This summary is provided to introduce a selection of concepts that are further described below in the detailed description. This summary is not intended to identify key or essential features of the claimed subject matter, nor is it intended to be used as an aid in limiting the scope of the claimed subject matter.
In general, in one aspect, embodiments relate to a method that includes obtaining grid model data regarding a geological region of interest. The method further includes obtaining well data regarding a well in the geological region of interest. The method further includes obtaining a grid model for the geological region of interest based on the grid model data and the well data. The method further includes obtaining a time selection for a look-ahead simulation. The method further includes determining, by a computer processor, a look-ahead model for the look-ahead simulation based on the grid model data, the well data, and a coarsening function. The look-ahead model simulates the geological region of interest at a faster rate than the grid model. The method further includes performing, by the computer processor, the look-ahead simulation using the look-ahead model and the time selection. The method further includes performing, by the computer processor, a reservoir simulation of the geological region of interest using the grid model and the look-ahead simulation.
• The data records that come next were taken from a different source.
(* Let $d,n\ge1$ and $M=\begin{bmatrix} I_n & 0\\ 0& 0\end{bmatrix}\in\mathbb{R}^{(n+1)\times(n+1)}$. Let $A_0,A_1,\dots$ and $B_0,B_1,\dots$ be matrices in $\mathbb{R}^{d\times d}$ with each $A_i$ symmetric. Given $X_0\in\mathbb{R}^{d\times(n+1)}$ and $Y_0\in\mathbb{R}^{1\times(n+1)}$, define for $i\ge0$ $$X_{i+1}=X_i+\tfrac1nB_iX_iMX_i^\top A_iX_i,\qquad Y_{i+1}=Y_i+\tfrac1nY_iMX_i^\top A_iX_i.$$ Let $c\in\mathbb{R}$, $C=[0,0,\dots,0,c]\in\mathbb{R}^{1\times(n+1)}$, and let $X_i',Y_i'$ be defined by the same recursion started from $X_0'=X_0$, $Y_0'=Y_0+C$. Then for every $i\ge0$, $X_i'=X_i$ and $Y_i'=Y_i+C$. In particular, $X_i$ and the entries $[Y_i]_j$ for $j\neq n+1$ do not depend on $[Y_0]_{n+1}$, and $[Y_i]_{n+1}$ depends additively on $[Y_0]_{n+1}$. *)

theory Defs
  imports "Jordan_Normal_Form.Matrix"
begin

definition Mmask :: "nat \<Rightarrow> real mat" where
  "Mmask n = four_block_mat (1\<^sub>m n) (0\<^sub>m n 1) (0\<^sub>m 1 n) (0\<^sub>m 1 1)"

fun XY :: "nat \<Rightarrow> (nat \<Rightarrow> real mat) \<Rightarrow> (nat \<Rightarrow> real mat) \<Rightarrow> real mat \<Rightarrow> real mat
            \<Rightarrow> nat \<Rightarrow> real mat \<times> real mat" where
  "XY n A B X0 Y0 0 = (X0, Y0)"
| "XY n A B X0 Y0 (Suc i) =
     (let (X, Y) = XY n A B X0 Y0 i in
       (X + (1 / real n) \<cdot>\<^sub>m (B i * X * Mmask n * transpose_mat X * A i * X),
        Y + (1 / real n) \<cdot>\<^sub>m (Y * Mmask n * transpose_mat X * A i * X)))"

end

theory Submission
  imports Defs
begin

text \<open>The increments of both recursions depend on \<open>Y\<^sub>i\<close> only through \<open>Y\<^sub>i M\<close>, and the
  \<open>X\<close>-recursion does not involve \<open>Y\<^sub>i\<close> at all. Since \<open>M\<close> annihilates the last coordinate,
  \<open>C M = 0\<close>, so shifting \<open>Y\<^sub>0\<close> by \<open>C\<close> changes neither \<open>X\<^sub>i\<close> nor any increment of \<open>Y\<^sub>i\<close>.\<close>

lemma Mmask_carrier_mat: "Mmask n \<in> carrier_mat (n + 1) (n + 1)"
  unfolding Mmask_def by (rule four_block_carrier_mat) auto

lemma index_Mmask:
  "i < n + 1 \<Longrightarrow> j < n + 1 \<Longrightarrow> Mmask n $$ (i, j) = (if i = j \<and> i < n then 1 else 0)"
  unfolding Mmask_def by auto

lemma mult_Mmask_eq_zero:
  assumes C: "C \<in> carrier_mat k (n + 1)"
    and last_column: "\<And>r j. r < k \<Longrightarrow> j < n \<Longrightarrow> C $$ (r, j) = 0"
  shows "C * Mmask n = 0\<^sub>m k (n + 1)"
proof (rule eq_matI)
  fix r j assume r: "r < dim_row (0\<^sub>m k (n + 1))" and j: "j < dim_col (0\<^sub>m k (n + 1))"
  have "(C * Mmask n) $$ (r, j) = (\<Sum>l = 0..<n + 1. C $$ (r, l) * Mmask n $$ (l, j))"
    using r j C Mmask_carrier_mat[of n] by (simp add: scalar_prod_def)
  also have "\<dots> = 0"
    using r j by (intro sum.neutral) (auto simp: index_Mmask last_column)
  finally show "(C * Mmask n) $$ (r, j) = 0\<^sub>m k (n + 1) $$ (r, j)"
    using r j by simp
qed (use C Mmask_carrier_mat[of n] in auto)

lemma fst_XY_Suc:
  "fst (XY n A B X0 Y0 (Suc i)) =
     (let X = fst (XY n A B X0 Y0 i)
      in X + (1 / real n) \<cdot>\<^sub>m (B i * X * Mmask n * transpose_mat X * A i * X))"
  by (simp add: case_prod_beta Let_def)

lemma snd_XY_Suc:
  "snd (XY n A B X0 Y0 (Suc i)) =
     (let X = fst (XY n A B X0 Y0 i); Y = snd (XY n A B X0 Y0 i)
      in Y + (1 / real n) \<cdot>\<^sub>m (Y * Mmask n * transpose_mat X * A i * X))"
  by (simp add: case_prod_beta Let_def)

lemma fst_XY_indep_Y0: "fst (XY n A B X0 Y0 i) = fst (XY n A B X0 Y0' i)"
  by (induction i) (simp_all add: fst_XY_Suc del: XY.simps(2))

lemma fst_XY_carrier_mat:
  assumes "\<And>i. B i \<in> carrier_mat d d" and "X0 \<in> carrier_mat d m"
  shows "fst (XY n A B X0 Y0 i) \<in> carrier_mat d m"
proof (induction i)
  case (Suc i)
  with assms(1)[of i] show ?case
    unfolding fst_XY_Suc Let_def carrier_mat_def by simp
qed (use assms in simp)

lemma snd_XY_carrier_mat:
  assumes "\<And>i. B i \<in> carrier_mat d d" and "X0 \<in> carrier_mat d m" and "Y0 \<in> carrier_mat k m"
  shows "snd (XY n A B X0 Y0 i) \<in> carrier_mat k m"
proof (induction i)
  case (Suc i)
  have "fst (XY n A B X0 Y0 i) \<in> carrier_mat d m"
    using assms(1,2) by (rule fst_XY_carrier_mat)
  with Suc show ?case
    unfolding snd_XY_Suc Let_def carrier_mat_def by simp
qed (use assms in simp)

lemma snd_XY_add_Mmask_kernel:
  assumes B: "\<And>i. B i \<in> carrier_mat d d" and X0: "X0 \<in> carrier_mat d (n + 1)"
    and Y0: "Y0 \<in> carrier_mat k (n + 1)"
    and C: "C \<in> carrier_mat k (n + 1)" and CM: "C * Mmask n = 0\<^sub>m k (n + 1)"
  shows "snd (XY n A B X0 (Y0 + C) i) = snd (XY n A B X0 Y0 i) + C"
proof (induction i)
  case (Suc i)
  define X where "X = fst (XY n A B X0 Y0 i)"
  define Y where "Y = snd (XY n A B X0 Y0 i)"
  have X: "X \<in> carrier_mat d (n + 1)"
    unfolding X_def using B X0 by (rule fst_XY_carrier_mat)
  have Y: "Y \<in> carrier_mat k (n + 1)"
    unfolding Y_def using B X0 Y0 by (rule snd_XY_carrier_mat)
  define S where "S = (1 / real n) \<cdot>\<^sub>m (Y * Mmask n * transpose_mat X * A i * X)"
  have S: "S \<in> carrier_mat k (n + 1)"
    unfolding S_def using X Y by auto
  have YCM: "(Y + C) * Mmask n = Y * Mmask n"
    using add_mult_distrib_mat[OF Y C Mmask_carrier_mat] CM Y Mmask_carrier_mat[of n] by simp
  have "snd (XY n A B X0 (Y0 + C) (Suc i)) = Y + C + S"
    unfolding snd_XY_Suc Let_def fst_XY_indep_Y0[of n A B X0 "Y0 + C" i Y0] Suc
    unfolding X_def [symmetric] Y_def [symmetric] YCM S_def ..
  also have "\<dots> = Y + S + C"
    using Y C S by (simp add: comm_add_mat[OF C S])
  finally show ?case
    unfolding snd_XY_Suc Let_def X_def [symmetric] Y_def [symmetric] S_def .
qed simp

theorem lemma6:
  fixes d n :: nat and A B :: "nat \<Rightarrow> real mat" and X0 Y0 :: "real mat" and c :: real
  assumes "d \<ge> 1" and "n \<ge> 1"
    and "\<And>i. A i \<in> carrier_mat d d" and "\<And>i. B i \<in> carrier_mat d d"
    and "\<And>i. transpose_mat (A i) = A i"
    and "X0 \<in> carrier_mat d (n + 1)" and "Y0 \<in> carrier_mat 1 (n + 1)"
  defines "C \<equiv> mat 1 (n + 1) (\<lambda>(r, j). if j = n then c else 0)"
  shows "\<forall>i. fst (XY n A B X0 (Y0 + C) i) = fst (XY n A B X0 Y0 i)
            \<and> snd (XY n A B X0 (Y0 + C) i) = snd (XY n A B X0 Y0 i) + C"
proof
  fix i
  have C: "C \<in> carrier_mat 1 (n + 1)"
    unfolding C_def by simp
  have "C * Mmask n = 0\<^sub>m 1 (n + 1)"
    using C by (rule mult_Mmask_eq_zero) (simp add: C_def)
  with assms(4,6,7) C have "snd (XY n A B X0 (Y0 + C) i) = snd (XY n A B X0 Y0 i) + C"
    by (rule snd_XY_add_Mmask_kernel)
  then show "fst (XY n A B X0 (Y0 + C) i) = fst (XY n A B X0 Y0 i)
            \<and> snd (XY n A B X0 (Y0 + C) i) = snd (XY n A B X0 Y0 i) + C"
    using fst_XY_indep_Y0 by blast
qed

end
In general, in one aspect, embodiments relate to a system that includes a network, which includes various parallel processors. The system further includes a reservoir simulator that includes a computer processor. The reservoir simulator is coupled to the network. The reservoir simulator obtains grid model data regarding a geological region of interest. The reservoir simulator obtains well data regarding a well in the geological region of interest. The reservoir simulator obtains a grid model for the geological region of interest based on the grid model data and the well data. The reservoir simulator obtains a time selection for a look-ahead simulation. The reservoir simulator determines a look-ahead model for the look-ahead simulation based on the grid model data, the well data, and a coarsening function. The look-ahead model simulates the geological region of interest at a faster rate than the grid model. The reservoir simulator performs the look-ahead simulation using the look-ahead model and the time selection. The reservoir simulator performs a reservoir simulation of the geological region of interest using the grid model and the look-ahead simulation.
In general, in one aspect, embodiments relate to a non-transitory computer readable medium storing instructions executable by a computer processor. The instructions obtain grid model data regarding a geological region of interest. The instructions obtain well data regarding a well in the geological region of interest. The instructions obtain a grid model for the geological region of interest based on the grid model data and the well data. The instructions obtain a time selection for a look-ahead simulation. The instructions determine a look-ahead model for the look-ahead simulation based on the grid model data, the well data, and a coarsening function. The look-ahead model simulates the geological region of interest at a faster rate than the grid model. The instructions perform the look-ahead simulation using the look-ahead model and the time selection. The instructions perform a reservoir simulation of the geological region of interest using the grid model and the look-ahead simulation.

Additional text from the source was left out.